If you’re suffering a case of job dissatisfaction, why not consider a career as a social worker? With the opportunity to make a real difference in your community, it’s the ideal career for those looking to bring their skills, experience and knowledge to a rewarding new position.
Social care is a growing sector that offers a wide range of career options. You may aspire to become a social worker, helping young people and their families deal with challenging situations. Or you may enter the field of adult health and social care, providing guidance and advice to vulnerable people from all backgrounds and walks of life.
It goes without saying that a career as a social worker can be challenging. But if you have the patience, empathy and knowledge required, there are few jobs that are as fulfilling and enjoyable.
Think you have what it takes? Read our comprehensive guide on becoming a social worker below. In it, we look at the duties involved and the qualifications you’ll need, so you can decide if it’s the right career for you.
- What is a social worker?
- What qualifications do you need to become a social worker?
- How much do social workers earn?
- What type of person would suit being a social worker?
- What are the benefits of becoming a social worker?
- What career progression can you expect as a social worker?
Social workers are care professionals who provide guidance and support to children and their families. They’re safeguarding professionals who protect young people from harm, liaising with parents, teachers and local authorities to solve problems and find positive resolutions in challenging situations.
Social workers are typically employed by social service departments of local authority councils. However, a growing number of health and care organisations have started taking on qualified social workers, including the NHS. These social workers typically offer targeted care in specific situations, such as when a person returns home after undergoing serious medical treatment.
Qualified social workers who are employed by their local authority are responsible for a wide range of duties as part of their day-to-day work. They’re often required to make difficult decisions in high-pressure situations, so patience, empathy and a cool head are musts for the role.
Here are some of the typical duties you’ll be responsible for as a social worker:
- Conducting home searches to make sure children and young people are receiving the appropriate level of care
- Liaising with school safeguarding officers, teachers, parents, local authorities and the police to resolve safeguarding issues
- Writing up assessments and reports into a child’s safeguarding and welfare
- Appearing in court to give evidence when required
- Taking a proactive approach to ongoing training and learning
- Offering support and guidance to children, young people and families in difficult situations
- Recommending the best course of action in challenging situations
- Participating in regular meetings with a range of safeguarding personnel
- Accurate record-keeping and reporting
These are just some of the duties you’ll be responsible for as a qualified social worker. The beauty of the position is that it’s incredibly varied, with every day bringing new challenges, new tasks and new opportunities to develop your skills.

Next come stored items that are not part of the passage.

lemma bij_betw_prime_cycle_powers_closed_paths:
  "bij_betw (\<lambda>((r, c), ys). concat (replicate r ys)) (Sigma (prime_cycle_powers s t A n) snd)
     {xs. closed_path s t A xs \<and> length xs = n}"
proof (rule bij_betw_byWitness[where f' = "\<lambda>xs. ((length xs div rotation_period xs,
    cycle_of (take (rotation_period xs) xs)), take (rotation_period xs) xs)"])
  let ?root = "\<lambda>xs. ((length xs div rotation_period xs, cycle_of (take (rotation_period xs) xs)),
                     take (rotation_period xs) xs)"
  have power: "concat (replicate r ys) \<in> {xs. closed_path s t A xs \<and> length xs = n}"
    and root: "?root (concat (replicate r ys)) = ((r, c), ys)"
    if "(r, c) \<in> prime_cycle_powers s t A n" "ys \<in> c" for r c ys
  proof -
    have r: "0 < r" and c: "c \<in> prime_cycles s t A" and n: "r * cycle_len c = n"
      using that(1) unfolding prime_cycle_powers_def by auto
    have ne: "ys \<noteq> []" using prime_cycleD(1)[OF c that(2)] by (simp add: closed_path_def)
    show "concat (replicate r ys) \<in> {xs. closed_path s t A xs \<and> length xs = n}"
      using closed_path_concat_replicate_iff[OF r, of s t A ys] prime_cycleD(1)[OF c that(2)]
        length_in_prime_cycle[OF c that(2)] n by simp
    show "?root (concat (replicate r ys)) = ((r, c), ys)"
      using rotation_period_concat_replicate[OF prime_cycleD(2)[OF c that(2)] ne r] ne r
        take_concat_replicate[of 1 r ys] prime_cycleD(3)[OF c that(2)] by simp
  qed
  show "\<forall>x\<in>Sigma (prime_cycle_powers s t A n) snd. ?root ((\<lambda>((r, c), ys). concat (replicate r ys)) x) = x"
  proof
    fix x assume "x \<in> Sigma (prime_cycle_powers s t A n) snd"
    then obtain r c ys where "x = ((r, c), ys)" "(r, c) \<in> prime_cycle_powers s t A n" "ys \<in> c"
      by auto
    then show "?root ((\<lambda>((r, c), ys). concat (replicate r ys)) x) = x"
      using root[of r c ys] by (simp only: case_prod_conv)
  qed
  show "(\<lambda>((r, c), ys). concat (replicate r ys)) ` Sigma (prime_cycle_powers s t A n) snd
          \<subseteq> {xs. closed_path s t A xs \<and> length xs = n}"
    using power by auto
  show "\<forall>xs\<in>{xs. closed_path s t A xs \<and> length xs = n}. (\<lambda>((r, c), ys). concat (replicate r ys)) (?root xs) = xs"
    using closed_path_prime_root(2) by auto
  show "?root ` {xs. closed_path s t A xs \<and> length xs = n} \<subseteq> Sigma (prime_cycle_powers s t A n) snd"
    using closed_path_prime_root(1) in_cycle_of_self by fastforce
qed

lemma sum_closed_paths_eq_sum_prime_cycle_powers:
  assumes "finite A"
  shows "(\<Sum>xs | closed_path s t A xs \<and> length xs = n. F xs) =
         (\<Sum>(r, c)\<in>prime_cycle_powers s t A n. \<Sum>ys\<in>c. F (concat (replicate r ys)))"
proof -
  let ?P = "prime_cycle_powers s t A n"
  have fin: "finite ?P" "\<forall>x\<in>?P. finite (snd x)"
    using finite_prime_cycle_powers[OF assms]
    by (auto simp: prime_cycle_powers_def intro: finite_prime_cycle)
  have "(\<Sum>xs | closed_path s t A xs \<and> length xs = n. F xs) =
        (\<Sum>((r, c), ys)\<in>Sigma ?P snd. F (concat (replicate r ys)))"
    by (subst sum.reindex_bij_betw[OF bij_betw_prime_cycle_powers_closed_paths, symmetric])
      (simp add: case_prod_beta)
  also have "\<dots> = (\<Sum>(r, c)\<in>?P. \<Sum>ys\<in>c. F (concat (replicate r ys)))"
    unfolding sum.Sigma[OF fin, symmetric] by (simp add: case_prod_beta)
  finally show ?thesis .
qed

If you aspire to become a full-time social worker for your local authority council, you’ll first need to complete a degree in social work to enter the field. This degree must be approved by one of the four main regulators in the UK, including Social Work England, Social Care Wales, the Scottish Social Services Council, and the Northern Ireland Social Care Council.
Typically, the type of undergraduate degrees which can boost your chances of becoming a social worker include social care, social work and social sciences. However, you may also be eligible for the role with a degree in politics, public administration or legal studies, particularly if you gain postgraduate training in a relevant area.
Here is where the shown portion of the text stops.